> [Work to complete]: Give the number of lines below with "definition" in them, leaving out anything else.

Saved entries

+++

lemma card_fibre_double_counting:
  fixes f :: "'a \<Rightarrow> 'k" and N :: "'b \<Rightarrow> 'a set" and a b :: nat
  assumes X: "finite X" and D: "finite D" and N: "\<And>v. v \<in> D \<Longrightarrow> N v \<subseteq> X"
    and fibre_le: "\<And>x. x \<in> X \<Longrightarrow> card {y \<in> X. f y = f x} \<le> a"
    and fibre_cover: "\<And>x. x \<in> X \<Longrightarrow> b \<le> (\<Sum>v\<in>D. card {y \<in> N v. f y = f x})"
  shows "b * card X \<le> a * (\<Sum>v\<in>D. card (N v))"
proof -
  define K where "K = f ` X"
  have "card {y \<in> X. f y = \<kappa>} \<le> a" if "\<kappa> \<in> K" for \<kappa>
    using that fibre_le by (auto simp: K_def)
  then have "(\<Sum>\<kappa>\<in>K. card {y \<in> X. f y = \<kappa>}) \<le> card K * a"
    using sum_bounded_above[of K "\<lambda>\<kappa>. card {y \<in> X. f y = \<kappa>}" a] by simp
  moreover have "card X = (\<Sum>\<kappa>\<in>K. card {y \<in> X. f y = \<kappa>})"
    unfolding card_eq_sum K_def by (rule sum.group[symmetric]) (use X in auto)
  ultimately have "b * card X \<le> (card K * b) * a"
    by (simp add: mult_le_mono2 ac_simps)
  also have "card K * b \<le> (\<Sum>\<kappa>\<in>K. \<Sum>v\<in>D. card {y \<in> N v. f y = \<kappa>})"
  proof -
    have "b \<le> (\<Sum>v\<in>D. card {y \<in> N v. f y = \<kappa>})" if "\<kappa> \<in> K" for \<kappa>
      using that fibre_cover by (auto simp: K_def)
    then show ?thesis
      using sum_bounded_below[of K b "\<lambda>\<kappa>. \<Sum>v\<in>D. card {y \<in> N v. f y = \<kappa>}"] by simp
  qed
  also have "(\<Sum>\<kappa>\<in>K. \<Sum>v\<in>D. card {y \<in> N v. f y = \<kappa>}) = (\<Sum>v\<in>D. \<Sum>\<kappa>\<in>K. card {y \<in> N v. f y = \<kappa>})"
    by (rule sum.swap)
  also have "\<dots> = (\<Sum>v\<in>D. card (N v))"
  proof (rule sum.cong)
    fix v assume "v \<in> D"
    then show "(\<Sum>\<kappa>\<in>K. card {y \<in> N v. f y = \<kappa>}) = card (N v)"
      unfolding card_eq_sum using N X
      by (intro sum.group) (auto simp: K_def intro: rev_finite_subset)
  qed simp
  finally show ?thesis
    by (simp add: mult.commute)
qed

lemma finite_Sn: "finite (Sn n)"
  unfolding Sn_def by (rule finite_permutations) simp

lemma card_Sn: "card (Sn n) = fact n"
  unfolding Sn_def by (rule card_permutations) simp_all

text \<open>\<open>closed_in_nbhd n v\<close> is \<open>N[v]\<close>: the \<open>u\<close> with \<open>rw_cost n u v \<le> 1\<close>, i.e. the value at position \<open>k\<close>
  of \<open>u\<close> is at position at most \<open>k + 1\<close> in \<open>v\<close>.\<close>

definition closed_in_nbhd :: "nat \<Rightarrow> (nat \<Rightarrow> nat) \<Rightarrow> (nat \<Rightarrow> nat) set" where
  "closed_in_nbhd n v = {u \<in> Sn n. \<forall>k\<in>{1..n}. inv v (u k) \<le> k + 1}"

lemma closed_in_nbhd_permutes: "u \<in> closed_in_nbhd n v \<Longrightarrow> u permutes {1..n}"
  by (simp add: closed_in_nbhd_def Sn_def)

lemma closed_in_nbhd_bound: "u \<in> closed_in_nbhd n v \<Longrightarrow> k \<in> {1..n} \<Longrightarrow> inv v (u k) \<le> k + 1"
  by (simp add: closed_in_nbhd_def)

lemma closed_in_nbhd_subset_Sn: "closed_in_nbhd n v \<subseteq> Sn n"
  by (simp add: closed_in_nbhd_def)

lemma finite_closed_in_nbhd: "finite (closed_in_nbhd n v)"
  using finite_Sn closed_in_nbhd_subset_Sn by (rule rev_finite_subset)

lemma self_in_closed_in_nbhd: "v \<in> Sn n \<Longrightarrow> v \<in> closed_in_nbhd n v"
  by (simp add: closed_in_nbhd_def Sn_def permutes_inverses)

lemma Gn_edge_imp_in_closed_in_nbhd:
  assumes "Gn_edge n u v"
  shows "u \<in> closed_in_nbhd n v"
proof -
  have u: "u permutes {1..n}" and cost: "rw_cost n u v = 1"
    using assms by (auto simp: Gn_edge_def Sn_def)
  have "int (inv v (u k)) - int (inv u (u k)) \<le> rw_cost n u v" if "k \<in> {1..n}" for k
    unfolding rw_cost_def using that permutes_in_image[OF u] by (intro Max_ge) auto
  then have "inv v (u k) \<le> k + 1" if "k \<in> {1..n}" for k
    using that cost by (fastforce simp: permutes_inverses[OF u])
  then show ?thesis
    using assms by (simp add: closed_in_nbhd_def Gn_edge_def)
qed

lemma dominating_imp_covered:
  assumes "dominating n D" "u \<in> Sn n"
  shows "\<exists>v\<in>D. u \<in> closed_in_nbhd n v"
  using assms self_in_closed_in_nbhd Gn_edge_imp_in_closed_in_nbhd
  unfolding dominating_def by blast

definition nbhd_agreeing :: "nat \<Rightarrow> (nat \<Rightarrow> nat) \<Rightarrow> nat \<Rightarrow> (nat \<Rightarrow> nat) \<Rightarrow> (nat \<Rightarrow> nat) set" where
  "nbhd_agreeing n v L w = {u \<in> closed_in_nbhd n v. \<forall>k\<in>{1..L}. u k = w k}"

lemma finite_nbhd_agreeing: "finite (nbhd_agreeing n v L w)"
  using finite_closed_in_nbhd by (rule rev_finite_subset) (auto simp: nbhd_agreeing_def)

lemma card_nbhd_agreeing_last_le_1: "card (nbhd_agreeing n v (n - 1) w) \<le> 1"
proof -
  have "p = q" if "p \<in> nbhd_agreeing n v (n - 1) w" "q \<in> nbhd_agreeing n v (n - 1) w" for p q
    using that by (intro permutes_eq_if_eq_off_point[of p "{1..n}" q n])
      (auto simp: nbhd_agreeing_def closed_in_nbhd_def Sn_def)
  then show ?thesis
    using finite_nbhd_agreeing by (simp add: card_le_Suc0_iff_eq)
qed

lemma mem_image_if_inv_le:
  assumes "v permutes {1..n}" "x \<in> {1..n}" "inv v x \<le> m"
  shows "x \<in> v ` {1..m}"
proof -
  have "inv v x \<in> {1..n}"
    using assms(1,2) permutes_in_image[OF permutes_inv[OF assms(1)]] by blast
  then have "inv v x \<in> {1..m}"
    using assms(3) by simp
  moreover have "x = v (inv v x)"
    by (simp add: permutes_inverses[OF assms(1)])
  ultimately show ?thesis
    by (intro image_eqI)
qed

lemma next_value_mem:
  assumes u: "u \<in> nbhd_agreeing n v L w" and v: "v \<in> Sn n" and L: "L < n"
  shows "u (Suc L) \<in> v ` {1..L + 2} - w ` {1..L}"
proof -
  have up: "u permutes {1..n}" and vp: "v permutes {1..n}"
    using u v by (auto simp: nbhd_agreeing_def closed_in_nbhd_def Sn_def)
  have "u (Suc L) \<in> {1..n}"
    using L permutes_in_image[OF up] by simp
  moreover have "inv v (u (Suc L)) \<le> L + 2"
    using u L closed_in_nbhd_bound[of u n v "Suc L"] by (simp add: nbhd_agreeing_def)
  ultimately have "u (Suc L) \<in> v ` {1..L + 2}"
    by (rule mem_image_if_inv_le[OF vp])
  moreover have "u (Suc L) \<notin> u ` {1..L}"
    by (simp add: inj_image_mem_iff[OF permutes_inj[OF up]])
  moreover have "w ` {1..L} = u ` {1..L}"
    using u by (intro image_cong) (simp_all add: nbhd_agreeing_def)
  ultimately show ?thesis by simp
qed

text \<open>Entries \<open>1..L+1\<close> of any \<open>u \<in> N[v]\<close> lie among \<open>v(1..L+2)\<close>.\<close>

lemma card_next_values_le_2:
  assumes u: "u \<in> nbhd_agreeing n v L w" and v: "v \<in> Sn n" and L: "L < n"
  shows "card (v ` {1..L + 2} - w ` {1..L}) \<le> 2"
proof -
  have up: "u permutes {1..n}" and vp: "v permutes {1..n}"
    using u v by (auto simp: nbhd_agreeing_def closed_in_nbhd_def Sn_def)
  have w: "w ` {1..L} = u ` {1..L}"
    using u by (intro image_cong) (simp_all add: nbhd_agreeing_def)
  have "card (u ` {1..L}) = L"
    using L by (subst card_image) (auto intro: inj_on_subset[OF permutes_inj_on[OF up]])
  moreover have "u ` {1..L} \<subseteq> v ` {1..L + 2}"
  proof
    fix x assume "x \<in> u ` {1..L}"
    then obtain k where k: "k \<in> {1..L}" "x = u k" by blast
    have "x \<in> {1..n}"
      using k L permutes_in_image[OF up] by auto
    moreover have "inv v (u k) \<le> k + 1"
      using u k L closed_in_nbhd_bound[of u n v k] by (simp add: nbhd_agreeing_def)
    with k have "inv v x \<le> L + 2" by simp
    ultimately show "x \<in> v ` {1..L + 2}"
      by (intro mem_image_if_inv_le[OF vp])
  qed
  moreover have "card (v ` {1..L + 2}) \<le> L + 2"
    using card_image_le[of "{1..L + 2}" v] by simp
  ultimately show ?thesis
    using w card_Diff_subset[of "u ` {1..L}" "v ` {1..L + 2}"] by simp
qed

lemma card_nbhd_agreeing_step:
  assumes v: "v \<in> Sn n" and L: "L < n"
    and next_le: "\<And>w'. card (nbhd_agreeing n v (Suc L) w') \<le> K"
  shows "card (nbhd_agreeing n v L w) \<le> 2 * K"
proof (cases "nbhd_agreeing n v L w = {}")
  case False
  then obtain u where u: "u \<in> nbhd_agreeing n v L w" by blast
  define V where "V = v ` {1..L + 2} - w ` {1..L}"
  have "nbhd_agreeing n v L w \<subseteq> (\<Union>x\<in>V. nbhd_agreeing n v (Suc L) (w(Suc L := x)))"
  proof
    fix u' assume u': "u' \<in> nbhd_agreeing n v L w"
    then have "u' \<in> nbhd_agreeing n v (Suc L) (w(Suc L := u' (Suc L)))"
      by (auto simp: nbhd_agreeing_def le_Suc_eq)
    then show "u' \<in> (\<Union>x\<in>V. nbhd_agreeing n v (Suc L) (w(Suc L := x)))"
      using next_value_mem[OF u' v L] unfolding V_def by blast
  qed
  then have "card (nbhd_agreeing n v L w)
      \<le> card (\<Union>x\<in>V. nbhd_agreeing n v (Suc L) (w(Suc L := x)))"
    by (intro card_mono finite_UN_I) (simp_all add: V_def finite_nbhd_agreeing)
  also have "\<dots> \<le> (\<Sum>x\<in>V. card (nbhd_agreeing n v (Suc L) (w(Suc L := x))))"
    by (rule card_UN_le) (simp add: V_def)
  also have "\<dots> \<le> card V * K"
    using sum_bounded_above[of V "\<lambda>x. card (nbhd_agreeing n v (Suc L) (w(Suc L := x)))" K] next_le
    by simp
  also have "\<dots> \<le> 2 * K"
    using card_next_values_le_2[OF u v L] by (simp add: V_def)
  finally show ?thesis .
qed simp

lemma card_nbhd_agreeing_le:
  assumes "L \<le> n - 1" and v: "v \<in> Sn n"
  shows "card (nbhd_agreeing n v L w) \<le> 2 ^ (n - 1 - L)"
  using assms(1)
proof (induction L arbitrary: w rule: inc_induct)
  case base
  then show ?case using card_nbhd_agreeing_last_le_1 by simp
next
  case (step L)
  then have "card (nbhd_agreeing n v L w) \<le> 2 * 2 ^ (n - 1 - Suc L)"
    by (intro card_nbhd_agreeing_step[OF v]) simp_all
  moreover have "n - 1 - L = Suc (n - 1 - Suc L)"
    using step.hyps by simp
  ultimately show ?case by simp
qed

lemma card_closed_in_nbhd_le:
  assumes "v \<in> Sn n"
  shows "card (closed_in_nbhd n v) \<le> 2 ^ (n - 1)"
  using card_nbhd_agreeing_le[OF _ assms, of 0] by (simp add: nbhd_agreeing_def)

definition block :: "nat \<Rightarrow> (nat \<Rightarrow> nat) \<Rightarrow> (nat \<Rightarrow> nat) set" where
  "block n u = {w \<in> Sn n. restrict w {1..n - 3} = restrict u {1..n - 3}}"

lemma block_eq_image:
  assumes "n \<ge> 3" "u \<in> Sn n"
  shows "block n u = (\<lambda>\<sigma>. u \<circ> \<sigma>) ` {\<sigma>. \<sigma> permutes {n - 2..n}}"
proof -
  have "{1..n} - {n - 2..n} = {1..n - 3}"
    using assms(1) by auto
  then have "block n u = {w. w permutes {1..n} \<and> (\<forall>x\<in>{1..n} - {n - 2..n}. w x = u x)}"
    by (simp add: block_def Sn_def restrict_eq_restrict_iff)
  also have "\<dots> = (\<lambda>\<sigma>. u \<circ> \<sigma>) ` {\<sigma>. \<sigma> permutes {n - 2..n}}"
    using assms by (intro permutes_agreeing_off_eq_image) (auto simp: Sn_def)
  finally show ?thesis .
qed

lemma card_block:
  assumes "n \<ge> 3" "u \<in> Sn n"
  shows "card (block n u) = 6"
proof -
  have "card {\<sigma>. \<sigma> permutes {n - 2..n}} = fact 3"
    using assms(1) by (intro card_permutations) auto
  moreover have "inj_on (\<lambda>\<sigma>. u \<circ> \<sigma>) {\<sigma>. \<sigma> permutes {n - 2..n}}"
    using inj_comp_permutes assms(2) by (auto simp: Sn_def intro: inj_on_subset)
  ultimately show ?thesis
    using assms by (simp add: block_eq_image card_image fact_numeral)
qed

lemma inv_last_value_mem:
  assumes "v \<in> Sn n" "u \<in> closed_in_nbhd n v" "n \<ge> 1"
  shows "inv u (v n) \<in> {n - 1..n}"
proof -
  have u: "u permutes {1..n}" and v: "v permutes {1..n}"
    using assms(1,2) closed_in_nbhd_permutes by (auto simp: Sn_def)
  define p where "p = inv u (v n)"
  have p: "p \<in> {1..n}"
    using assms(3) permutes_in_image[OF v] permutes_in_image[OF permutes_inv[OF u]]
    by (simp add: p_def)
  have "n \<le> p + 1"
    using closed_in_nbhd_bound[OF assms(2) p]
    by (simp add: p_def permutes_inverses[OF u] permutes_inverses[OF v])
  with p show ?thesis by (simp add: p_def)
qed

+++

> [Finished exercise]: 3